2. ハチのサイズから、タマバチは小さ過ぎるので、コナラシギゾウムシ等を寄主としているのではないかと推測する。
3. 産卵管の太さのわりに堅果の穴が大きく、周囲の果皮が変色しているので、ゾウムシ等が開けた穴を利用しているのではないかと思われる(図8-415-5参照)。

との事でした。毎度のことながら、管理人様には広範囲の情報源を駆使して懇切丁寧に解説していただき、本当に感謝しております。

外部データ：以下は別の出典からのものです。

lemma (in prob_space) AE_noise_bound_at_xbar:
  fixes GF :: "nat \<Rightarrow> 'v::euclidean_space \<Rightarrow> 's \<Rightarrow> 'v" and g :: "nat \<Rightarrow> 'v \<Rightarrow> 'v"
  assumes GF: "\<And>i. i < N \<Longrightarrow> (\<lambda>(x, s). GF i x s) \<in> borel_measurable (borel \<Otimes>\<^sub>M D i)"
    and indep: "indep_vars (\<lambda>k. D (sample_client k)) (sample_var \<xi>t \<xi>) {k. sample_client k < N}"
    and fresh: "\<And>j. j < N \<Longrightarrow> distr M (D j) (\<xi>t j r) = D j"
    and g: "\<And>j. j < N \<Longrightarrow> continuous_on UNIV (g j)"
    and noise: "\<And>j x. j < N \<Longrightarrow> AE s in D j. norm (GF j x s - g j x) \<le> \<sigma>"
  shows "AE \<omega> in M. \<forall>j<N.
    norm (GF j (xbar N I \<eta> \<gamma> GF x0 (\<lambda>i r. \<xi>t i r \<omega>) (\<lambda>i t. \<xi> i t \<omega>) r) (\<xi>t j r \<omega>)
      - g j (xbar N I \<eta> \<gamma> GF x0 (\<lambda>i r. \<xi>t i r \<omega>) (\<lambda>i t. \<xi> i t \<omega>) r)) \<le> \<sigma>"
proof -
  have "AE \<omega> in M. \<forall>j\<in>{..<N}.
    norm (GF j (xbar N I \<eta> \<gamma> GF x0 (\<lambda>i r. \<xi>t i r \<omega>) (\<lambda>i t. \<xi> i t \<omega>) r) (\<xi>t j r \<omega>)
      - g j (xbar N I \<eta> \<gamma> GF x0 (\<lambda>i r. \<xi>t i r \<omega>) (\<lambda>i t. \<xi> i t \<omega>) r)) \<le> \<sigma>"
  proof (rule AE_finite_allI)
    fix j assume "j \<in> {..<N}"
    then have j: "j < N" by simp
    have [measurable]: "g j \<in> borel_measurable borel"
      using g[OF j] by (rule borel_measurable_continuous_onI)
    have [measurable]: "(\<lambda>(x, s). GF j x s) \<in> borel_measurable (borel \<Otimes>\<^sub>M D j)"
      by (rule GF[OF j])
    have "Measurable.pred (borel \<Otimes>\<^sub>M D j) (\<lambda>(x, s). norm (GF j x s - g j x) \<le> \<sigma>)"
      by measurable
    from AE_fresh_sample_at_xbar[OF GF indep j fresh[OF j] this noise[OF j]]
    show "AE \<omega> in M.
      norm (GF j (xbar N I \<eta> \<gamma> GF x0 (\<lambda>i r. \<xi>t i r \<omega>) (\<lambda>i t. \<xi> i t \<omega>) r) (\<xi>t j r \<omega>)
        - g j (xbar N I \<eta> \<gamma> GF x0 (\<lambda>i r. \<xi>t i r \<omega>) (\<lambda>i t. \<xi> i t \<omega>) r)) \<le> \<sigma>" .
  qed simp
  then show ?thesis by (rule eventually_mono) simp
qed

ここであらためて御礼申し上げます。

 その後、管理人様がさらに詳しく調べて下さった結果、日本昆虫学会の Japanese Journal of Entomology に掲載された論文Triaspis curculiovorus sp.n. ( Hymenoptera Braconidae ) fron Japan, Parasitizing Acorn Weevils ( by Jeno Papa and Kaoru Maeto ) 』 に、ドングリのゾウムシに寄生するコマユバチ科のハチに関する報告があるとの事で、電子ファイルを送って下さいました。
 この論文には、Triaspis curculiovorus と命名されたコマユバチ科の新種が、ミズナラ [ 学名 : Quercus mongolica var.grosseserrata ] やホワイトオーク [ 学名 : Quercus alba ] のドングリに産卵したクリシギゾウムシ [ 学名 : Curculio sikkimensis ] やクロシギゾウムシ [ 学名 : Curculio distinguendus ] 等のゾウムシ類に寄生することが報告されていました。私が目撃したコマユバチ科の一種と全く同じものかどうかは私には判断できませんが、ネットに掲載されたTriaspis curculiovorus の写真(***)を見る限り、両者はとてもよく似ていました。あと、分布は北海道と記載されていましたが、発見されたのがたまたま北海道というだけで、おそらく国産のドングリに寄生するゾウムシがいるところに、このハチの仲間は広く分布しているものと思われます。
*** https://www.naro.affrc.go.jp/org/niaes/type/dbhymenoptera/triaspis_curculiovorus.html

 最後になりますが、この論文を読み終えて執筆者について調べたところ、『 寄生バチと狩りバチの不思議な世界(一色出版 2020年刊 ) 』 という本を編集されていることが判りました。オンラインで試し読みすると、Triaspis curculiovorus のことも記されており、産卵直後のゾウムシの卵に卵を産みつけることや、卵を産みつけられてドングリから出てきたゾウムシの幼虫は健全な幼虫と同じように土中で越冬するけれども、翌年羽化するのはコマユバチだと書かれていました。私もこの本を買って、寄生バチについて少し勉強してみることにします。